Alexie, a 35-year-old warehouse manager from the Russian-occupied city of Melitopol, shares that feeling. As he fiddles with his rifle, he recalls how on the day the full-scale invasion began, he and his wife and daughter woke up to the sounds of explosions. Though he had no military experience, watching his friends go off to defend their country made him feel restless. “It got to the point where it was hard to fall asleep at night,” he says. “Here I feel more free. ... It was that bit that was missing.”
Operation Interflex, which in June marked its first anniversary, is on track to have trained 30,000 people by the end of this year. And as the war rages on, the program isn’t planning on wrapping up its work anytime soon. If anything, it’s expanding in order to meet Ukraine’s needs. In addition to the basic infantry course, Interflex has recently expanded to offer training for Ukrainian marines and combat medics.
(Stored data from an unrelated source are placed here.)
lemma theta_exponents_eq_min_iff:
  "theta_exponents a1 a2 g = (nat (a1^2), nat ((a1 - a2)^2), nat (a2^2)) \<longleftrightarrow> g = (0, 0) \<or> g = (- a1, - a2)"
proof -
  obtain g1 g2 where g: "g = (g1, g2)"
    by (cases g) auto
  have "theta_exponents a1 a2 g = (nat (a1^2), nat ((a1 - a2)^2), nat (a2^2)) \<longleftrightarrow>
      (2 * g1 + a1)^2 = a1^2 \<and> (2 * (g1 - g2) + (a1 - a2))^2 = (a1 - a2)^2 \<and> (2 * g2 + a2)^2 = a2^2"
    unfolding theta_exponents_def g prod.case prod.inject
    by (simp only: eq_nat_nat_iff zero_le_power2)
  also have "\<dots> \<longleftrightarrow> (g1 = 0 \<or> g1 = - a1) \<and> (g1 - g2 = 0 \<or> g1 - g2 = - (a1 - a2)) \<and> (g2 = 0 \<or> g2 = - a2)"
    unfolding power2_two_mult_add_eq_iff ..
  also have "\<dots> \<longleftrightarrow> g = (0, 0) \<or> g = (- a1, - a2)"
    unfolding g prod.inject by arith
  finally show ?thesis .
qed

lemma theta_sign_neg_eq:
  assumes "even (a1 * b1 + a2 * b2)"
  shows "theta_sign a1 a2 b1 b2 (- a1, - a2) = theta_sign a1 a2 b1 b2 (0, 0)"
proof -
  obtain m where "a1 * b1 + a2 * b2 = 2 * m"
    using assms by blast
  then have "real_of_int a1 * b1 + real_of_int a2 * b2 = 2 * real_of_int m"
    by (metis of_int_add of_int_mult of_int_numeral)
  then have at_0: "real_of_int b1 * (real_of_int 0 + real_of_int a1 / 2) + real_of_int b2 * (real_of_int 0 + real_of_int a2 / 2) = m"
    and at_neg: "real_of_int b1 * (real_of_int (- a1) + real_of_int a1 / 2) + real_of_int b2 * (real_of_int (- a2) + real_of_int a2 / 2) = - m"
    by (simp_all add: algebra_simps)
  have "theta_sign a1 a2 b1 b2 (0, 0) = theta_sign a1 a2 b1 b2 (- a1, - a2) * exp (2 * of_int m * pi * \<i>)"
    unfolding theta_sign_def prod.case at_0 at_neg by (subst exp_add[symmetric]) (simp add: algebra_simps)
  then show ?thesis
    using exp_integer_2pi[of "of_int m"] by simp
qed

lemma theta_coeff_nonzero_imp_exponent:
  assumes "theta_coeff a1 a2 b1 b2 k \<noteq> 0"
  obtains g where "theta_exponents a1 a2 g = k"
proof -
  have "{g. theta_exponents a1 a2 g = k} \<noteq> {}"
    using assms unfolding theta_coeff_def by (metis sum.empty)
  then show ?thesis
    using that by blast
qed

lemma theta_coeff_min_nonzero:
  assumes "even (a1 * b1 + a2 * b2)"
  shows "theta_coeff a1 a2 b1 b2 (nat (a1^2), nat ((a1 - a2)^2), nat (a2^2)) \<noteq> 0"
proof -
  have "{g. theta_exponents a1 a2 g = (nat (a1^2), nat ((a1 - a2)^2), nat (a2^2))} = {(0, 0), (- a1, - a2)}"
    unfolding theta_exponents_eq_min_iff by blast
  then have "theta_coeff a1 a2 b1 b2 (nat (a1^2), nat ((a1 - a2)^2), nat (a2^2)) =
      (\<Sum>g \<in> {(0, 0), (- a1, - a2)}. theta_sign a1 a2 b1 b2 g)"
    unfolding theta_coeff_def by (rule arg_cong)
  also have "\<dots> = (if (a1, a2) = (0, 0) then 1 else 2) * theta_sign a1 a2 b1 b2 (0, 0)"
    using theta_sign_neg_eq[OF assms] by (cases "(a1, a2) = (0, 0)") auto
  also have "\<dots> \<noteq> 0"
    unfolding theta_sign_def by simp
  finally show ?thesis .
qed

theorem lemma2p3:
  fixes a1 a2 b1 b2 :: int
  assumes "a1 \<in> {0, 1}" and "a2 \<in> {0, 1}" and "b1 \<in> {0, 1}" and "b2 \<in> {0, 1}"
    and "even (a1 * b1 + a2 * b2)"
  shows "(\<exists>c. is_q_expansion c (theta_const a1 a2 b1 b2)) \<and>
         (\<forall>c. is_q_expansion c (theta_const a1 a2 b1 b2) \<longrightarrow>
            int (mult_q0 c) = a1 \<and> int (mult_q2 c) = a2 \<and>
            int (mult_q1 c) = a1 + a2 - 2 * a1 * a2)"
proof (intro conjI allI impI)
  have theta: "is_q_expansion (theta_coeff a1 a2 b1 b2) (theta_const a1 a2 b1 b2)"
    using assms(1,2) by (rule theta_has_q_expansion)
  then show "\<exists>c. is_q_expansion c (theta_const a1 a2 b1 b2)"
    by blast
  fix c
  assume "is_q_expansion c (theta_const a1 a2 b1 b2)"
  then have "c = theta_coeff a1 a2 b1 b2"
    using theta q_expansion_unique by blast
  moreover have "nat (a1^2) \<le> l0 \<and> nat ((a1 - a2)^2) \<le> l1 \<and> nat (a2^2) \<le> l2"
    if "theta_coeff a1 a2 b1 b2 (l0, l1, l2) \<noteq> 0" for l0 l1 l2
    using that by (elim theta_coeff_nonzero_imp_exponent) (rule theta_exponents_ge[OF assms(1,2)])
  ultimately have "mult_q0 c = nat (a1^2)" "mult_q1 c = nat ((a1 - a2)^2)" "mult_q2 c = nat (a2^2)"
    using mult_q_eqI[of "theta_coeff a1 a2 b1 b2", OF theta_coeff_min_nonzero[OF assms(5)]] by simp_all
  then show "int (mult_q0 c) = a1" "int (mult_q2 c) = a2" "int (mult_q1 c) = a1 + a2 - 2 * a1 * a2"
    using assms(1,2) by (auto simp: power2_eq_square)
qed

end
text \<open>Up to the factor independent of \<open>w\<close>, the left-hand side is the reciprocal of
  \<open>\<Prod>(1 - q\<^sup>b z\<^sub>a / w)\<close> over \<open>1 \<le> a \<le> s\<close>, \<open>0 \<le> b < \<beta>\<^sub>a\<close>. When these poles are pairwise
  distinct, partial fractions in \<open>1/w\<close> give a sum over the poles, and the coefficient at
  \<open>w = q\<^sup>b z\<^sub>a\<close> is found by splitting the \<open>q\<close>-Pochhammer symbols in the cross factors
  that involve \<open>z\<^sub>a\<close>: they factor into \<open>Bcoef s \<beta> z q a b\<close> times the product of \<open>1 - q\<^sup>k z\<^sub>i / (q\<^sup>b z\<^sub>a)\<close>
  over the other poles. Coinciding poles are removed by replacing \<open>z\<^sub>i\<close> with \<open>z\<^sub>i u\<^sup>i\<close>:
  the poles are distinct for \<open>u\<close> near but not equal to \<open>1\<close>, and both sides are
  continuous at \<open>u = 1\<close>.\<close>

section \<open>Identities for q-Pochhammer symbols\<close>

lemma power_inj_not_root_of_unity:
  fixes q :: "'a::field"
  assumes "q \<noteq> 0" "\<forall>n>0. q ^ n \<noteq> 1" "q ^ m = q ^ n"
  shows "m = n"
proof (rule ccontr)
  assume "m \<noteq> n"
  then have "q ^ (max m n - min m n) = 1" "max m n - min m n > 0"
    using assms(1,3) power_diff[of q "min m n" "max m n"] by (auto simp: max_def min_def)
  then show False using assms(2) by blast
qed

lemma qpoch_add: "qpoch y q (c + d) = qpoch y q c * qpoch (q ^ c * y) q d"
  by (induction d) (simp_all add: qpoch_def power_add mult.assoc)

lemma qpoch_eq_0_iff: "qpoch y q n = 0 \<longleftrightarrow> (\<exists>k<n. q ^ k * y = 1)"
  by (auto simp: qpoch_def)

lemma qpoch_reflect:
  fixes y q :: "'a::field"
  assumes "y \<noteq> 0" "q \<noteq> 0"
  shows "qpoch (q / y) q m = (\<Prod>k<m. - (q ^ Suc k / y)) * qpoch (q powi - int m * y) q m"
proof -
  have factor: "1 - q ^ k * (q / y) = - (q ^ Suc k / y) * (1 - q powi - int (Suc k) * y)" for k
  proof -
    have "q powi - int (Suc k) = inverse (q ^ Suc k)"
      by (simp only: power_int_minus power_int_of_nat)
    then show ?thesis using assms by (simp add: field_simps)
  qed
  have "(\<Prod>k<m. 1 - q powi - int (Suc k) * y) = (\<Prod>k<m. 1 - q powi - int (Suc (m - Suc k)) * y)"
    by (rule prod.nat_diff_reindex[symmetric])
  also have "\<dots> = qpoch (q powi - int m * y) q m"
    unfolding qpoch_def using assms
    by (intro prod.cong) (auto simp: of_nat_diff power_int_diff power_int_minus power_int_of_nat field_simps)
  finally show ?thesis
    unfolding qpoch_def factor prod.distrib by simp
qed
The program is also expected to begin offering flight training for Ukrainian pilots, though the U.K. government has yet to confirm when that will officially commence.
It’s difficult to measure the success of a program like Operation Interflex. Its stated goal is to increase both the lethality and survivability of the recruits who come through the program, as well as respond to the needs of the Ukrainian army on the ground. But Interflex’s organizers have no way of knowing how many of their recruits survive the frontline or what impact, if any, they have on battlefield progression.
But as far as their Ukrainian counterparts are concerned, this program is a win-win for both Ukraine and its international partners. “Ukrainians are the only soldiers in the world today who have experience of a full-fledged, large-scale war with an enemy of superior strength,” says Yehor Cherniev, a Ukrainian lawmaker and the deputy chairman of the Ukrainian Parliamentary Committee on National Security, Defense, and Intelligence. “British friends share their knowledge with our soldiers, our soldiers share their practical experience, and this makes both sides stronger.”
While the war has no clear end in sight, that hasn’t stopped these Ukrainian recruits from dreaming about their lives after it does. Some have made plans to go into business together after the war. “We’ve already chosen the technical directors, the instructors, the business directors—we’ve thought of everything!” says Ivan, who with his fellow recruits plans to start a training camp for teenage Ukrainians. Others are planning to see more of the world. Most, especially the parents, are just motivated by the promise of living in a country where no child knows what an air raid alarm sounds like.
“We want to learn as fast as we can, to understand, to remember everything, because this is our future,” says Ivan, a 35-year-old former professional soccer player from Bilozerka, in southern Ukraine. “If we train badly, everyone knows what the final could look like—and we don’t want to be in second place. Only victory.”